AIM OF THE EXERCISE :: Exactly as written, return every line of the data below.

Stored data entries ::
(* Let $n$ be a positive integer and consider the finite configuration of height $2$ and type $(1,n,1)$ given by $$p_{0,1}=0,\quad p_{2,1}=2\mathrm{i},\quad p_{1,j}=\mathrm{i}+\cot\frac{j\pi}{n+1}\ \ (1\le j\le n).$$ This configuration is balanced, non-degenerate and has residual force $\frac{n+1}{2n\mathrm{i}}$.
   Context: For a finite configuration $(p_{k,i})_{0\le k\le h,1\le i\le n_k}$ of type $(n_0,\ldots,n_h)$ with $n_0=n_h=1$: set $c_k=1/n_k$, $n_{-1}=n_{h+1}=0$, $u_{k,i}=p_{k,i}-p_{k,1}$, $\ell_k=p_{k,1}-p_{k-1,1}$; forces $F_{k,i}=2\sum_{j\neq i}\frac{c_k^2}{p_{k,i}-p_{k,j}}-\sum_{j=1}^{n_{k+1}}\frac{c_kc_{k+1}}{p_{k,i}-p_{k+1,j}}-\sum_{j=1}^{n_{k-1}}\frac{c_kc_{k-1}}{p_{k,i}-p_{k-1,j}}$ and $G_k=\sum_{i=1}^{n_k}\sum_{j=1}^{n_{k-1}}\frac{c_kc_{k-1}}{p_{k,i}-p_{k-1,j}}$ ($1\le k\le h$). Balanced means $F_{k,i}=0$ for $1\le k\le h-1$; the residual force is $F_{0,1}$; non-degenerate means the differential of the map $(\ell_1,u_{1,2},\ldots,u_{1,n_1},\ell_2,\ldots,\ell_h)\mapsto(G_1,F_{1,2},\ldots,F_{1,n_1},G_2,\ldots,G_h)$ is an isomorphism. Here $h=2$, so the map is $(\ell_1,u_{1,2},\ldots,u_{1,n},\ell_2)\mapsto(G_1,F_{1,2},\ldots,F_{1,n},G_2)$. *)

theory Defs
  imports "HOL-Analysis.Analysis" "Jordan_Normal_Form.Determinant"
begin

text \<open>A finite configuration of height h and type (n_0,...,n_h) is given by
  p :: nat => nat => complex (p k i for 0 <= k <= h, 1 <= i <= n_k) and the type
  nn :: nat => nat.\<close>

definition ntype :: "nat \<Rightarrow> (nat \<Rightarrow> nat) \<Rightarrow> nat \<Rightarrow> nat" where
  "ntype h nn k = (if k \<le> h then nn k else 0)"

definition cc :: "nat \<Rightarrow> (nat \<Rightarrow> nat) \<Rightarrow> nat \<Rightarrow> complex" where
  "cc h nn k = 1 / of_nat (ntype h nn k)"

text \<open>Force F_{k,i}.  The lower-level sum is empty for k = 0 (n_{-1} = 0).\<close>
definition force :: "nat \<Rightarrow> (nat \<Rightarrow> nat) \<Rightarrow> (nat \<Rightarrow> nat \<Rightarrow> complex) \<Rightarrow> nat \<Rightarrow> nat \<Rightarrow> complex" where
  "force h nn p k i =
     2 * (\<Sum>j\<in>{1..ntype h nn k} - {i}. (cc h nn k)^2 / (p k i - p k j))
     - (\<Sum>j\<in>{1..ntype h nn (k+1)}. cc h nn k * cc h nn (k+1) / (p k i - p (k+1) j))
     - (if k = 0 then 0 else
        (\<Sum>j\<in>{1..ntype h nn (k-1)}. cc h nn k * cc h nn (k-1) / (p k i - p (k-1) j)))"

definition Gforce :: "nat \<Rightarrow> (nat \<Rightarrow> nat) \<Rightarrow> (nat \<Rightarrow> nat \<Rightarrow> complex) \<Rightarrow> nat \<Rightarrow> complex" where
  "Gforce h nn p k =
     (\<Sum>i\<in>{1..ntype h nn k}. \<Sum>j\<in>{1..ntype h nn (k-1)}.
        cc h nn k * cc h nn (k-1) / (p k i - p (k-1) j))"

definition balanced :: "nat \<Rightarrow> (nat \<Rightarrow> nat) \<Rightarrow> (nat \<Rightarrow> nat \<Rightarrow> complex) \<Rightarrow> bool" where
  "balanced h nn p \<longleftrightarrow> (\<forall>k i. 1 \<le> k \<and> k \<le> h - 1 \<and> 1 \<le> i \<and> i \<le> nn k \<longrightarrow> force h nn p k i = 0)"

definition residual_force :: "nat \<Rightarrow> (nat \<Rightarrow> nat) \<Rightarrow> (nat \<Rightarrow> nat \<Rightarrow> complex) \<Rightarrow> complex" where
  "residual_force h nn p = force h nn p 0 1"

text \<open>Coordinates x :: nat => complex indexed by 0..n:
  x 0 = l_1, x (i-1) = u_{1,i} for 2 <= i <= n, x n = l_2.\<close>
definition type1n1 :: "nat \<Rightarrow> nat \<Rightarrow> nat" where
  "type1n1 n k = (if k = 1 then n else 1)"

definition rebuild2 :: "nat \<Rightarrow> complex \<Rightarrow> (nat \<Rightarrow> complex) \<Rightarrow> nat \<Rightarrow> nat \<Rightarrow> complex" where
  "rebuild2 n p01 x k i =
     (if k = 0 then p01
      else if k = 1 then (if i = 1 then p01 + x 0 else p01 + x 0 + x (i - 1))
      else p01 + x 0 + x n)"

definition coord_map2 :: "nat \<Rightarrow> complex \<Rightarrow> (nat \<Rightarrow> complex) \<Rightarrow> nat \<Rightarrow> complex" where
  "coord_map2 n p01 x a =
     (let q = rebuild2 n p01 x in
      if a = 0 then Gforce 2 (type1n1 n) q 1
      else if a < n then force 2 (type1n1 n) q 1 (a + 1)
      else Gforce 2 (type1n1 n) q 2)"

definition coords2 :: "nat \<Rightarrow> (nat \<Rightarrow> nat \<Rightarrow> complex) \<Rightarrow> nat \<Rightarrow> complex" where
  "coords2 n p a =
     (if a = 0 then p 1 1 - p 0 1
      else if a < n then p 1 (a + 1) - p 1 1
      else p 2 1 - p 1 1)"

definition nondegenerate2 :: "nat \<Rightarrow> (nat \<Rightarrow> nat \<Rightarrow> complex) \<Rightarrow> bool" where
  "nondegenerate2 n p \<longleftrightarrow>
     (\<exists>J :: nat \<Rightarrow> nat \<Rightarrow> complex.
        (\<forall>a\<le>n. \<forall>b\<le>n.
           ((\<lambda>z. coord_map2 n (p 0 1) ((coords2 n p)(b := z)) a) has_field_derivative J a b)
             (at (coords2 n p b)))
        \<and> det (mat (n+1) (n+1) (\<lambda>(a,b). J a b)) \<noteq> 0)"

YOUR SOLUTION ::
(* Let $n$ be a positive integer and consider the finite configuration of height $2$ and type $(1,n,1)$ given by $$p_{0,1}=0,\quad p_{2,1}=2\mathrm{i},\quad p_{1,j}=\mathrm{i}+\cot\frac{j\pi}{n+1}\ \ (1\le j\le n).$$ This configuration is balanced, non-degenerate and has residual force $\frac{n+1}{2n\mathrm{i}}$.
   Context: For a finite configuration $(p_{k,i})_{0\le k\le h,1\le i\le n_k}$ of type $(n_0,\ldots,n_h)$ with $n_0=n_h=1$: set $c_k=1/n_k$, $n_{-1}=n_{h+1}=0$, $u_{k,i}=p_{k,i}-p_{k,1}$, $\ell_k=p_{k,1}-p_{k-1,1}$; forces $F_{k,i}=2\sum_{j\neq i}\frac{c_k^2}{p_{k,i}-p_{k,j}}-\sum_{j=1}^{n_{k+1}}\frac{c_kc_{k+1}}{p_{k,i}-p_{k+1,j}}-\sum_{j=1}^{n_{k-1}}\frac{c_kc_{k-1}}{p_{k,i}-p_{k-1,j}}$ and $G_k=\sum_{i=1}^{n_k}\sum_{j=1}^{n_{k-1}}\frac{c_kc_{k-1}}{p_{k,i}-p_{k-1,j}}$ ($1\le k\le h$). Balanced means $F_{k,i}=0$ for $1\le k\le h-1$; the residual force is $F_{0,1}$; non-degenerate means the differential of the map $(\ell_1,u_{1,2},\ldots,u_{1,n_1},\ell_2,\ldots,\ell_h)\mapsto(G_1,F_{1,2},\ldots,F_{1,n_1},G_2,\ldots,G_h)$ is an isomorphism. Here $h=2$, so the map is $(\ell_1,u_{1,2},\ldots,u_{1,n},\ell_2)\mapsto(G_1,F_{1,2},\ldots,F_{1,n},G_2)$. *)

theory Defs
  imports "HOL-Analysis.Analysis" "Jordan_Normal_Form.Determinant"
begin

text \<open>A finite configuration of height h and type (n_0,...,n_h) is given by
  p :: nat => nat => complex (p k i for 0 <= k <= h, 1 <= i <= n_k) and the type
  nn :: nat => nat.\<close>

definition ntype :: "nat \<Rightarrow> (nat \<Rightarrow> nat) \<Rightarrow> nat \<Rightarrow> nat" where
  "ntype h nn k = (if k \<le> h then nn k else 0)"

definition cc :: "nat \<Rightarrow> (nat \<Rightarrow> nat) \<Rightarrow> nat \<Rightarrow> complex" where
  "cc h nn k = 1 / of_nat (ntype h nn k)"

text \<open>Force F_{k,i}.  The lower-level sum is empty for k = 0 (n_{-1} = 0).\<close>
definition force :: "nat \<Rightarrow> (nat \<Rightarrow> nat) \<Rightarrow> (nat \<Rightarrow> nat \<Rightarrow> complex) \<Rightarrow> nat \<Rightarrow> nat \<Rightarrow> complex" where
  "force h nn p k i =
     2 * (\<Sum>j\<in>{1..ntype h nn k} - {i}. (cc h nn k)^2 / (p k i - p k j))
     - (\<Sum>j\<in>{1..ntype h nn (k+1)}. cc h nn k * cc h nn (k+1) / (p k i - p (k+1) j))
     - (if k = 0 then 0 else
        (\<Sum>j\<in>{1..ntype h nn (k-1)}. cc h nn k * cc h nn (k-1) / (p k i - p (k-1) j)))"

definition Gforce :: "nat \<Rightarrow> (nat \<Rightarrow> nat) \<Rightarrow> (nat \<Rightarrow> nat \<Rightarrow> complex) \<Rightarrow> nat \<Rightarrow> complex" where
  "Gforce h nn p k =
     (\<Sum>i\<in>{1..ntype h nn k}. \<Sum>j\<in>{1..ntype h nn (k-1)}.
        cc h nn k * cc h nn (k-1) / (p k i - p (k-1) j))"

definition balanced :: "nat \<Rightarrow> (nat \<Rightarrow> nat) \<Rightarrow> (nat \<Rightarrow> nat \<Rightarrow> complex) \<Rightarrow> bool" where
  "balanced h nn p \<longleftrightarrow> (\<forall>k i. 1 \<le> k \<and> k \<le> h - 1 \<and> 1 \<le> i \<and> i \<le> nn k \<longrightarrow> force h nn p k i = 0)"

definition residual_force :: "nat \<Rightarrow> (nat \<Rightarrow> nat) \<Rightarrow> (nat \<Rightarrow> nat \<Rightarrow> complex) \<Rightarrow> complex" where
  "residual_force h nn p = force h nn p 0 1"

text \<open>Coordinates x :: nat => complex indexed by 0..n:
  x 0 = l_1, x (i-1) = u_{1,i} for 2 <= i <= n, x n = l_2.\<close>
definition type1n1 :: "nat \<Rightarrow> nat \<Rightarrow> nat" where
  "type1n1 n k = (if k = 1 then n else 1)"

definition rebuild2 :: "nat \<Rightarrow> complex \<Rightarrow> (nat \<Rightarrow> complex) \<Rightarrow> nat \<Rightarrow> nat \<Rightarrow> complex" where
  "rebuild2 n p01 x k i =
     (if k = 0 then p01
      else if k = 1 then (if i = 1 then p01 + x 0 else p01 + x 0 + x (i - 1))
      else p01 + x 0 + x n)"

definition coord_map2 :: "nat \<Rightarrow> complex \<Rightarrow> (nat \<Rightarrow> complex) \<Rightarrow> nat \<Rightarrow> complex" where
  "coord_map2 n p01 x a =
     (let q = rebuild2 n p01 x in
      if a = 0 then Gforce 2 (type1n1 n) q 1
      else if a < n then force 2 (type1n1 n) q 1 (a + 1)
      else Gforce 2 (type1n1 n) q 2)"

definition coords2 :: "nat \<Rightarrow> (nat \<Rightarrow> nat \<Rightarrow> complex) \<Rightarrow> nat \<Rightarrow> complex" where
  "coords2 n p a =
     (if a = 0 then p 1 1 - p 0 1
      else if a < n then p 1 (a + 1) - p 1 1
      else p 2 1 - p 1 1)"

definition nondegenerate2 :: "nat \<Rightarrow> (nat \<Rightarrow> nat \<Rightarrow> complex) \<Rightarrow> bool" where
  "nondegenerate2 n p \<longleftrightarrow>
     (\<exists>J :: nat \<Rightarrow> nat \<Rightarrow> complex.
        (\<forall>a\<le>n. \<forall>b\<le>n.
           ((\<lambda>z. coord_map2 n (p 0 1) ((coords2 n p)(b := z)) a) has_field_derivative J a b)
             (at (coords2 n p b)))
        \<and> det (mat (n+1) (n+1) (\<lambda>(a,b). J a b)) \<noteq> 0)"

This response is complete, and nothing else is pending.